At first glance, since a measure space $(X,\Sigma,\mu)$ can give rise to a sub-$\sigma$-algebra (as mentioned above) then you might want to simply take the restriction of $\mu$ to these subsets in $\Sigma_Y$. But the problem is that any subset $E$, without full dimension, will of course have measure zero, $\mu(E)=0$. So this would make for a lousy way to define integration over this subset.
So maybe we only concern ourselves with Riemannian manifolds, and just define the induced measure as the one that arrises from the induced metric of some parent manifold. But this seems limiting for a couple reasons:
- Integration is now limited to Riemannian manifolds, and no longer over a general measure space. For example, while integration with respect to the counting measure makes sense over $\mathbb{N}$, I can't see any way to interpret this as integration over a Riemannian manifold; and so the question of how the counting measure "induces" another measure would be meaningless.
- If we consider a (smooth) subset $S\subset\mathbb{R}^n$, we can build a measure space on $S$ from scratch, similar to how we build the Lebesgue measure on $\mathbb{R}^n$ in measure theory. My question then is: are we always able to realize integration (with respect to this measure) over $S$ as integration with respect to some induced metric, by considering $S\subset M$, for some manifold $(M,g)$?
To me, a measure (and anything that it induces) should be in the spirit of measurable sets, and not be restricted to differential manifolds. The Lebesgue measure $\mu$ in $\mathbb{R}^3$ gives us the volume of the unit ball as $\frac{4}{3}\pi$; shouldn't $\mu$ induce a measure on $\mathbb{S}^2$, to give us $4\pi$ surface area? And whatever method we choose, shouldn't it apply to abstract measures as well, not just Lebesgue measure?
Solution 1:
The word "induced" does not always refer to "a subset inheriting some sort of property from a larger set it belongs to". It also refers to one kind of structure defining another kind of structure on the same set. Examples:
- norm induced by an inner product
- metric induced by a norm
- topology induced by a metric
All of these can refer to the same underlying set, e.g. $\mathbb{R}^n$.

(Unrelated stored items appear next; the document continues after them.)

(* A complex tensor $T\in\mathbb{C}^{n\times n\times n}$ of order 3 belongs to $\mathrm{OT}_n(\mathbb{C})$ if and only if each of the three families of slices of $T$ (the $x$-slices, the $y$-slices and the $z$-slices), denoting the family by $M_1,\dots,M_n$, satisfies: (i) for each $k$, $M_k^TM_k$ is diagonalizable and $\operatorname{rank}M_k=\operatorname{rank}M_k^TM_k$; and (ii) the matrices $M_kM_l^T$ and $M_k^TM_l$ are symmetric for all $k,l\in\{1,\dots,n\}$.
   Context: Associate to $T$ the trilinear form $t(x,y,z)=\sum_{i,j,k}T_{ijk}x_iy_jz_k$. $\mathrm{OT}_n(\mathbb{C})$ is the set of tensors whose trilinear form can be written $t(x,y,z)=g(Ax,By,Cz)$ with $A,B,C\in M_n(\mathbb{C})$ complex orthogonal ($A^TA=\mathrm{Id}$ etc.) and $g(x,y,z)=\sum_{i=1}^n\alpha_ix_iy_iz_i$, $\alpha_i\in\mathbb{C}$. Slices: $X_k=(T_{kjl})_{j,l}$ (matrix of $\partial t/\partial x_k$ in $(y,z)$), $Y_k=(T_{ikl})_{i,l}$ (matrix of $\partial t/\partial y_k$ in $(x,z)$), $Z_k=(T_{ijk})_{i,j}$ (matrix of $\partial t/\partial z_k$ in $(x,y)$). *)

theory Defs
  imports "HOL-Analysis.Analysis"
begin

definition trilin :: "complex^'n^'n^'n \<Rightarrow> complex^'n \<Rightarrow> complex^'n \<Rightarrow> complex^'n \<Rightarrow> complex"
  where "trilin T x y z = (\<Sum>i\<in>UNIV. \<Sum>j\<in>UNIV. \<Sum>k\<in>UNIV. T$i$j$k * x$i * y$j * z$k)"

text \<open>Complex orthogonal matrix: A^T A = Id (no conjugation).\<close>
definition corth :: "complex^'n^'n \<Rightarrow> bool"
  where "corth A \<longleftrightarrow> transpose A ** A = mat 1"

definition OT :: "(complex^'n^'n^'n) set"
  where "OT = {T. \<exists>A B C (\<alpha>::complex^'n). corth A \<and> corth B \<and> corth C \<and>
     (\<forall>x y z. trilin T x y z = (\<Sum>i\<in>UNIV. \<alpha>$i * (A *v x)$i * (B *v y)$i * (C *v z)$i))}"

definition is_diag_mat :: "complex^'n^'n \<Rightarrow> bool"
  where "is_diag_mat D \<longleftrightarrow> (\<forall>i j. i \<noteq> j \<longrightarrow> D$i$j = 0)"
text \<open>The slices must be measurable: \<open>emeasure\<close> vanishes on non-measurable sets, so it is not
  monotone on arbitrary sets.\<close>

lemma axially_decreasing_steiner:
  assumes "\<And>x. vslice F x \<in> sets lebesgue" and "axially_decreasing F"
  shows "axially_decreasing (steiner F)"
proof -
  have mono: "emeasure lebesgue (vslice F x) \<le> emeasure lebesgue (vslice F z)" if "norm z \<le> norm x" for x z
    using assms that by (intro emeasure_mono) (auto simp: vslice_def axially_decreasing_def)
  show ?thesis
    unfolding axially_decreasing_def steiner_def
    by (auto dest!: mono intro: order_trans divide_right_mono_ennreal)
qed

lemma ae_eq_steiner_steiner: "ae_eq (steiner (steiner F)) (steiner F)"
proof (cases "steiner F \<in> null_sets lebesgue")
  case True
  then show ?thesis by (simp add: steiner_def[of "steiner F"] ae_eq_def)
next
  case False
  then have "F \<notin> null_sets lebesgue" by (auto simp: steiner_def)
  then have "emeasure lebesgue (vslice (steiner F) x) = emeasure lebesgue (vslice F x)" for x
    by (simp add: vslice_steiner emeasure_centered_interval)
  then have "steiner (steiner F) = steiner F"
    using False \<open>F \<notin> null_sets lebesgue\<close> by (simp add: steiner_def)
  then show ?thesis by (simp add: ae_eq_def)
qed

lemma steiner_ae_eq_cong:
  fixes A B :: "('a::euclidean_space \<times> real) set"
  assumes A: "A \<in> sets lebesgue" and AB: "ae_eq A B"
  shows "ae_eq (steiner A) (steiner B)"
proof (cases "A \<in> null_sets lebesgue")
  case True
  then have "B \<in> null_sets lebesgue" by (rule ae_eq_null_sets[OF AB])
  with True show ?thesis by (simp add: steiner_def ae_eq_def)
next
  case False
  then have B: "B \<notin> null_sets lebesgue" using ae_eq_null_sets[OF ae_eq_sym[OF AB]] by blast
  have "AE x in lebesgue. emeasure lebesgue (vslice A x) = emeasure lebesgue (vslice B x)"
    using AE_sets_Pair_lebesgue[OF A] AE_null_sets_Pair_lebesgue[OF AB[unfolded ae_eq_def]]
  proof eventually_elim
    case (elim x)
    then have "ae_eq (Pair x -` A) (Pair x -` B)" by (simp add: ae_eq_def vimage_Un vimage_Diff)
    then show ?case using elim(1) unfolding vslice_vimage by (rule ae_eq_emeasure(2))
  qed
  then obtain N where N: "N \<in> null_sets lebesgue"
    and eq: "\<And>x. x \<notin> N \<Longrightarrow> emeasure lebesgue (vslice A x) = emeasure lebesgue (vslice B x)"
    by (auto elim: AE_E3)
  have "(steiner A - steiner B) \<union> (steiner B - steiner A) \<subseteq> N \<times> UNIV"
    using eq False B by (auto simp: steiner_def)
  then show ?thesis
    unfolding ae_eq_def by (rule null_sets_completion_subset[OF _ null_sets_lebesgue_Times_UNIV[OF N]])
qed

lemma hslice_schwarz:
  "E \<notin> null_sets lebesgue \<Longrightarrow>
     hslice (schwarz E) t = {x. 0 < schwarz_rad E t \<and> ereal (norm x) \<le> schwarz_rad E t}"
  by (simp add: schwarz_def hslice_def)

lemma schwarz_rad_eq_infinity: "hslice E t = UNIV \<Longrightarrow> schwarz_rad E t = \<infinity>"
  by (simp add: schwarz_rad_def)

lemma schwarz_rad_eq_radius:
  fixes E :: "('a::euclidean_space \<times> real) set"
  assumes "0 \<le> \<rho>" "ball 0 \<rho> \<subseteq> hslice E t" "hslice E t \<subseteq> cball 0 \<rho>"
  shows "schwarz_rad E t = ereal \<rho>"
proof -
  let ?\<omega> = "unit_ball_vol TYPE('a)"
  have "?\<omega> > 0" unfolding unit_ball_vol_def using content_ball_pos[of 1 "0::'a"] by simp
  have "emeasure lebesgue (hslice E t) = ennreal (\<rho> ^ DIM('a) * ?\<omega>)"
    using assms by (rule emeasure_between_ball_cball)
  with \<open>?\<omega> > 0\<close> \<open>0 \<le> \<rho>\<close> show ?thesis
    by (simp add: schwarz_rad_def measure_def real_root_power_cancel)
qed

lemma schwarz_ae_eq_self:
  fixes G :: "('a::euclidean_space \<times> real) set"
  assumes G: "G \<in> sets lebesgue" and dec: "axially_decreasing G"
  shows "ae_eq (schwarz G) G"
proof (cases "G \<in> null_sets lebesgue")
  case True
  then show ?thesis by (simp add: ae_eq_def schwarz_def)
next
  case False
  have "ae_eq (hslice (schwarz G) t) (hslice G t)" for t
  proof -
    have "\<And>x z. x \<in> hslice G t \<Longrightarrow> norm z \<le> norm x \<Longrightarrow> z \<in> hslice G t"
      using dec by (auto simp: axially_decreasing_def hslice_def)
    then consider "hslice G t = UNIV"
      | \<rho> where "0 \<le> \<rho>" "ball 0 \<rho> \<subseteq> hslice G t" "hslice G t \<subseteq> cball 0 \<rho>"
      by (rule radial_set_cases)
    then show ?thesis
    proof cases
      case 1
      then show ?thesis using False by (simp add: hslice_schwarz schwarz_rad_eq_infinity ae_eq_def)
    next
      case (2 \<rho>)
      then have "schwarz_rad G t = ereal \<rho>" by (rule schwarz_rad_eq_radius)
      then have "ball 0 \<rho> \<subseteq> hslice (schwarz G) t" "hslice (schwarz G) t \<subseteq> cball 0 \<rho>"
        using False by (auto simp: hslice_schwarz intro: le_less_trans[OF norm_ge_zero])
      with 2 show ?thesis by (intro ae_eq_between_ball_cball)
    qed
  qed
  then show ?thesis
    unfolding ae_eq_def using sets_lebesgue_schwarz[OF G] G
    by (intro null_sets_lebesgueI_Pair2) (auto simp: hslice_vimage vimage_Un vimage_Diff)
qed

theorem lemma4p3:
  fixes E :: "('a::euclidean_space \<times> real) set"
  assumes "E \<in> sets lebesgue"
    and "0 < emeasure lebesgue E" and "emeasure lebesgue E < \<infinity>"
  shows "ae_eq (schwarz (steiner (schwarz E))) (steiner (schwarz E))
       \<and> ae_eq (steiner (schwarz (steiner (schwarz E)))) (steiner (schwarz E))"
proof -
  define G where "G = steiner (schwarz E)"
  have G: "G \<in> sets lebesgue"
    unfolding G_def using assms(1) by (intro sets_lebesgue_steiner sets_lebesgue_schwarz)
  have "axially_decreasing G"
    unfolding G_def using assms(1)
    by (intro axially_decreasing_steiner axially_decreasing_schwarz sets_lebesgue_vslice_schwarz)
  with G have schwarz_G: "ae_eq (schwarz G) G" by (rule schwarz_ae_eq_self)
  have "ae_eq (steiner (schwarz G)) (steiner G)"
    using sets_lebesgue_schwarz[OF G] schwarz_G by (rule steiner_ae_eq_cong)
  then have "ae_eq (steiner (schwarz G)) G"
    using ae_eq_steiner_steiner[of "schwarz E"] unfolding G_def by (rule ae_eq_trans)
  with schwarz_G show ?thesis unfolding G_def by simp
qed

end
(* Let $R$ be a commutative ring with identity. Then $R$ is almost complemented and roughly reduced if and only if $R$ is roughly complemented.
   Context: $\mathfrak{N}(R)$ is the nilradical, $\mathrm{reg}(R)$ the regular elements, $\mathrm{areg}(R)=\{x: x+\mathfrak{N}(R)\in\mathrm{reg}(R/\mathfrak{N}(R))\}$ (equivalently $xa\in\mathfrak{N}(R)\Rightarrow a\in\mathfrak{N}(R)$). $R$ is almost complemented if $R/\mathfrak{N}(R)$ is complemented, i.e. for each $\bar a$ there is $\bar b$ with $\bar a\bar b=0$ and $\bar a+\bar b$ regular in $R/\mathfrak{N}(R)$. Let $\eta(R)=\bigcup_{s\in\mathrm{areg}(R)}\mathrm{Ann}(s)$; $R$ is roughly reduced if $\eta(R)=\mathfrak{N}(R)$. An element $a$ is roughly complemented if there is $b$ with $ab=0$ and $a+b\in\mathrm{areg}(R)$; $R$ is roughly complemented if every element is. *)

theory Defs
  imports Main
begin

definition nilradical :: "'a::comm_ring_1 set" where
  "nilradical = {x. \<exists>n::nat. x ^ n = 0}"

definition regular_el :: "'a::comm_ring_1 \<Rightarrow> bool" where
  "regular_el x \<longleftrightarrow> (\<forall>a. x * a = 0 \<longrightarrow> a = 0)"

definition Ann :: "'a::comm_ring_1 \<Rightarrow> 'a set" where
  "Ann s = {a. s * a = 0}"

text \<open>areg(R): x + N(R) is regular in R/N(R), i.e. x a in N(R) implies a in N(R).\<close>
definition areg :: "'a::comm_ring_1 set" where
  "areg = {x. \<forall>a. x * a \<in> nilradical \<longrightarrow> a \<in> nilradical}"

text \<open>R/N(R) complemented, written on representatives: for each a there is b with
  (a+N)(b+N) = 0, i.e. a b in N, and (a+N)+(b+N) regular in R/N, i.e. a+b in areg.\<close>
definition almost_complemented :: "'a::comm_ring_1 itself \<Rightarrow> bool" where
  "almost_complemented (T::'a itself) \<longleftrightarrow>
     (\<forall>a::'a. \<exists>b. a * b \<in> nilradical \<and> a + b \<in> areg)"

definition eta :: "'a::comm_ring_1 set" where
  "eta = (\<Union>s\<in>areg. Ann s)"

definition roughly_reduced :: "'a::comm_ring_1 itself \<Rightarrow> bool" where
  "roughly_reduced (T::'a itself) \<longleftrightarrow> (eta :: 'a set) = nilradical"

definition roughly_complemented_el :: "'a::comm_ring_1 \<Rightarrow> bool" where
  "roughly_complemented_el a \<longleftrightarrow> (\<exists>b. a * b = 0 \<and> a + b \<in> areg)"

definition roughly_complemented :: "'a::comm_ring_1 itself \<Rightarrow> bool" where
  "roughly_complemented (T::'a itself) \<longleftrightarrow> (\<forall>a::'a. roughly_complemented_el a)"

end

theory Submission
  imports Defs
begin

text \<open>Modulo the nilradical \<open>N\<close> the ring is reduced. Hence if \<open>a b \<in> N\<close> and \<open>a + b \<in> areg\<close>,
  then \<open>a + s b \<in> areg\<close> for every \<open>s \<in> areg\<close>: multiplying \<open>(a + s b) c \<in> N\<close> by \<open>a\<close> and by \<open>b\<close>
  gives \<open>a\<^sup>2 c, s b\<^sup>2 c \<in> N\<close>, so \<open>a c, b c \<in> N\<close> and thus \<open>c \<in> N\<close>. If \<open>R\<close> is roughly reduced,
  some \<open>s \<in> areg\<close> annihilates the nilpotent \<open>a b\<close>, and \<open>s b\<close> is a genuine complement of \<open>a\<close>.
  Conversely, a genuine complement \<open>b\<close> of a nilpotent \<open>x\<close> lies in areg, since it differs from
  \<open>x + b\<close> by a nilpotent; so \<open>x \<in> Ann b \<subseteq> \<eta>\<close>.\<close>

lemma zero_in_nilradical [simp]: "0 \<in> nilradical"
  by (auto simp: nilradical_def intro: exI[of _ 1])

lemma nilradical_add:
  fixes x y :: "'a::comm_ring_1"
  assumes "x \<in> nilradical" "y \<in> nilradical"
  shows "x + y \<in> nilradical"
proof -
  obtain m n where m: "x ^ m = 0" and n: "y ^ n = 0"
    using assms by (auto simp: nilradical_def)
  have "x ^ k * y ^ (m + n - k) = 0" for k
  proof (cases "m \<le> k")
    case True
    then have "x ^ k = x ^ m * x ^ (k - m)" by (simp flip: power_add)
    then show ?thesis using m by simp
  next
    case False
    then have "m + n - k = n + (m - k)" by simp
    then have "y ^ (m + n - k) = y ^ n * y ^ (m - k)" by (simp only: power_add)
    then show ?thesis using n by simp
  qed
  then have "(x + y) ^ (m + n) = 0"
    by (simp add: binomial_ring mult.assoc)
  then show ?thesis by (auto simp: nilradical_def)
qed

lemma nilradical_mult_left:
  fixes x y :: "'a::comm_ring_1"
  assumes "x \<in> nilradical"
  shows "y * x \<in> nilradical"
proof -
  obtain n where "x ^ n = 0" using assms by (auto simp: nilradical_def)
  then have "(y * x) ^ n = 0" by (simp add: power_mult_distrib)
  then show ?thesis by (auto simp: nilradical_def)
qed

lemma nilradical_mult_right:
  fixes x y :: "'a::comm_ring_1"
  assumes "x \<in> nilradical"
  shows "x * y \<in> nilradical"
  using nilradical_mult_left[OF assms, of y] by (simp add: mult.commute)

lemma nilradical_add_iff:
  fixes x y :: "'a::comm_ring_1"
  assumes "x \<in> nilradical"
  shows "x + y \<in> nilradical \<longleftrightarrow> y \<in> nilradical"
proof
  assume "x + y \<in> nilradical"
  moreover have "- x \<in> nilradical"
    using nilradical_mult_left[OF assms, of "- 1"] by simp
  ultimately show "y \<in> nilradical"
    using nilradical_add by fastforce
qed (use assms nilradical_add in blast)

lemma nilradical_square_mult:
  fixes x c :: "'a::comm_ring_1"
  assumes "x * x * c \<in> nilradical"
  shows "x * c \<in> nilradical"
proof -
  have "(x * c) * (x * c) \<in> nilradical"
    using nilradical_mult_left[OF assms, of c] by (simp add: algebra_simps)
  then obtain m where "(x * c) ^ (2 * m) = 0"
    by (auto simp: nilradical_def power_mult power2_eq_square)
  then show ?thesis by (auto simp: nilradical_def)
qed

lemma areg_mult_nilradical_iff:
  fixes s a :: "'a::comm_ring_1"
  assumes "s \<in> areg"
  shows "s * a \<in> nilradical \<longleftrightarrow> a \<in> nilradical"
  using assms nilradical_mult_left by (auto simp: areg_def)

lemma areg_add_nilradical_iff:
  fixes x s :: "'a::comm_ring_1"
  assumes "x \<in> nilradical"
  shows "x + s \<in> areg \<longleftrightarrow> s \<in> areg"
proof -
  have "(x + s) * c \<in> nilradical \<longleftrightarrow> s * c \<in> nilradical" for c
    using nilradical_add_iff[OF nilradical_mult_right[OF assms, of c]]
    by (simp add: distrib_right)
  then show ?thesis by (simp add: areg_def)
qed

lemma eta_subset_nilradical: "(eta :: 'a::comm_ring_1 set) \<subseteq> nilradical"
  using areg_mult_nilradical_iff
  by (fastforce simp: eta_def Ann_def)

lemma areg_add_mult_complement:
  fixes a b s :: "'a::comm_ring_1"
  assumes ab: "a * b \<in> nilradical" and complement: "a + b \<in> areg" and s: "s \<in> areg"
  shows "a + s * b \<in> areg"
  unfolding areg_def
proof (intro CollectI allI impI)
  fix c assume c: "(a + s * b) * c \<in> nilradical"
  have abc: "a * b * c \<in> nilradical" "s * (a * b) * c \<in> nilradical"
    using ab by (auto intro: nilradical_mult_left nilradical_mult_right)
  have "s * (a * b) * c + a * a * c \<in> nilradical"
    using nilradical_mult_left[OF c, of a] by (simp add: algebra_simps)
  then have ac: "a * c \<in> nilradical"
    using abc(2) nilradical_add_iff nilradical_square_mult by blast
  have "a * b * c + s * (b * b * c) \<in> nilradical"
    using nilradical_mult_left[OF c, of b] by (simp add: algebra_simps)
  then have bc: "b * c \<in> nilradical"
    using abc(1) nilradical_add_iff areg_mult_nilradical_iff[OF s] nilradical_square_mult
    by blast
  have "(a + b) * c \<in> nilradical"
    using nilradical_add[OF ac bc] by (simp add: distrib_right)
  then show "c \<in> nilradical"
    using complement by (simp add: areg_def)
qed

lemma roughly_complemented_el_if_complement_in_eta:
  fixes a b :: "'a::comm_ring_1"
  assumes "a * b \<in> eta" "a + b \<in> areg"
  shows "roughly_complemented_el a"
proof -
  obtain s where s: "s \<in> areg" "s * (a * b) = 0"
    using assms(1) by (auto simp: eta_def Ann_def)
  have "a * (s * b) = 0"
    using s(2) by (simp add: algebra_simps)
  moreover have "a + s * b \<in> areg"
    using areg_add_mult_complement assms eta_subset_nilradical s(1) by blast
  ultimately show ?thesis
    by (auto simp: roughly_complemented_el_def)
qed

lemma nilpotent_roughly_complemented_el_in_eta:
  fixes x :: "'a::comm_ring_1"
  assumes "roughly_complemented_el x" "x \<in> nilradical"
  shows "x \<in> eta"
proof -
  obtain b where "x * b = 0" "x + b \<in> areg"
    using assms(1) by (auto simp: roughly_complemented_el_def)
  then show ?thesis
    using areg_add_nilradical_iff[OF assms(2)] by (auto simp: eta_def Ann_def mult.commute)
qed

theorem mainTheorem16:
  shows "(almost_complemented TYPE('a::comm_ring_1) \<and> roughly_reduced TYPE('a))
         \<longleftrightarrow> roughly_complemented TYPE('a)"
proof
  assume "almost_complemented TYPE('a) \<and> roughly_reduced TYPE('a)"
  then have "\<exists>b. a * b \<in> eta \<and> a + b \<in> areg" for a :: 'a
    by (simp add: almost_complemented_def roughly_reduced_def)
  then show "roughly_complemented TYPE('a)"
    using roughly_complemented_el_if_complement_in_eta
    by (metis roughly_complemented_def)
next
  assume rc: "roughly_complemented TYPE('a)"
  then have "almost_complemented TYPE('a)"
    unfolding roughly_complemented_def roughly_complemented_el_def almost_complemented_def
    by (metis zero_in_nilradical)
  moreover have "roughly_reduced TYPE('a)"
    using rc eta_subset_nilradical nilpotent_roughly_complemented_el_in_eta
    by (auto simp: roughly_reduced_def roughly_complemented_def)
  ultimately show "almost_complemented TYPE('a) \<and> roughly_reduced TYPE('a)" ..
qed

end
lemma partition_fn_Omega_i:
  assumes b: "\<beta> \<ge> 0" and \<rho>: "\<rho> \<in> colorings q B" and "i \<le> length es"
  shows "partition_fn q \<beta> (GB_vertices V E B) (Omega_i_edges E B es i) (Omega_i_pinned \<Lambda> es i)
      (Omega_i_pinning \<Lambda> \<sigma> \<rho>) =
    partition_fn q \<beta> (GB_vertices V E B) (Omega_i_edges E B es 0) \<Lambda> \<sigma> *
    (\<Prod>j<i. (if fst (es ! j) \<in> Omega_i_pinned \<Lambda> es j then 1 else 1 / real q) *
      (1 - (1 - \<beta>) * prob_vertex q \<beta> (GB_vertices V E B) (Omega_i_edges E B es j)
        (Omega_i_pinned \<Lambda> es j) (Omega_i_pinning \<Lambda> \<sigma> \<rho>) (snd (es ! j)) (\<rho> (fst (es ! j)))))"
  using assms(3)
proof (induction i)
  case 0
  have "potts_weight q \<beta> (GB_vertices V E B) (Omega_i_edges E B es 0) \<Lambda> (Omega_i_pinning \<Lambda> \<sigma> \<rho>) =
      potts_weight q \<beta> (GB_vertices V E B) (Omega_i_edges E B es 0) \<Lambda> \<sigma>"
    by (rule potts_weight_cong_pinning) (simp add: Omega_i_pinning_def)
  then show ?case unfolding Omega_i_pinned_0 partition_fn_def by simp
next
  case (Suc i)
  then have i: "i < length es" by simp
  have "finite (GB_vertices V E B)" "finite (Omega_i_edges E B es i)"
    using finite_subset[OF GB_vertices_subset finite_V] finite_E unfolding Omega_i_edges_def by auto
  moreover have "fst (es ! i) \<in> GB_vertices V E B"
    using outer_edge_subset_GB_vertices[OF nth_es(1)[OF i]] nth_es(3)[OF i] by blast
  moreover have "fst (es ! i) \<noteq> snd (es ! i)" using nth_es(2,3)[OF i] by auto
  moreover have "Omega_i_pinning \<Lambda> \<sigma> \<rho> (fst (es ! i)) = \<rho> (fst (es ! i))"
    using nth_es(2)[OF i] block_unpinned unfolding Omega_i_pinning_def by auto
  moreover have "\<rho> (fst (es ! i)) \<in> {1..q}" using \<rho> nth_es(2)[OF i] unfolding colorings_def by auto
  ultimately have "partition_fn q \<beta> (GB_vertices V E B) (Omega_i_edges E B es (Suc i))
      (Omega_i_pinned \<Lambda> es (Suc i)) (Omega_i_pinning \<Lambda> \<sigma> \<rho>) =
    (if fst (es ! i) \<in> Omega_i_pinned \<Lambda> es i then 1 else 1 / real q) *
    partition_fn q \<beta> (GB_vertices V E B) (Omega_i_edges E B es i) (Omega_i_pinned \<Lambda> es i)
      (Omega_i_pinning \<Lambda> \<sigma> \<rho>) *
    (1 - (1 - \<beta>) * prob_vertex q \<beta> (GB_vertices V E B) (Omega_i_edges E B es i)
      (Omega_i_pinned \<Lambda> es i) (Omega_i_pinning \<Lambda> \<sigma> \<rho>) (snd (es ! i)) (\<rho> (fst (es ! i))))"
    unfolding Omega_i_edges_Suc(1)[OF i] Omega_i_pinned_Suc[OF i]
    using Omega_i_edges_Suc(2)[OF i] b fst_es_pinned_or_isolated[OF i] by (intro partition_fn_insert_edge)
  then show ?case using Suc by (simp add: algebra_simps)
qed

In the context of your quote at the beginning, I would interpret "induced" as in
measure induced by Riemannian metric [by means of the volume form].
Here is a usage example from MathOverflow.
But if you want to induce the measure on $S^2$ coming from the ambient space $\mathbb{R}^3$, I can suggest some approaches:
Consider the Hausdorff measure $\mathcal H^2$ on $\mathbb{R}^3$. Its restriction to $S^2$ is the surface measure.
Given $A\subset S^2$, define the [upper] Minkowski content of $A$ as $$m^*(A) = \limsup_{r\to 0} \frac{\mu(A_r)}{2r}\quad \text{where } A_r=\{x\in\mathbb{R}^3 : \operatorname{dist} (x,A)\le r\} $$ For nice sets this is the same as surface area; unfortunately for uglier sets countable additivity fails. Also, the $\limsup$ and $\liminf$ are different in general.
Fix the subadditivity issue in #2 by defining the [upper] packing measure of $A$ as $$\inf\left\{ \sum_{j\in\mathbb{N}} m^*(A_j) : \bigcup_{j\in\mathbb{N}} A_j = A\right\}$$ This is an ugly definition, but it has countable sub-additivity built-in. Since the resulting measure is invariant under isometries of $S^2$, it is in fact the surface area.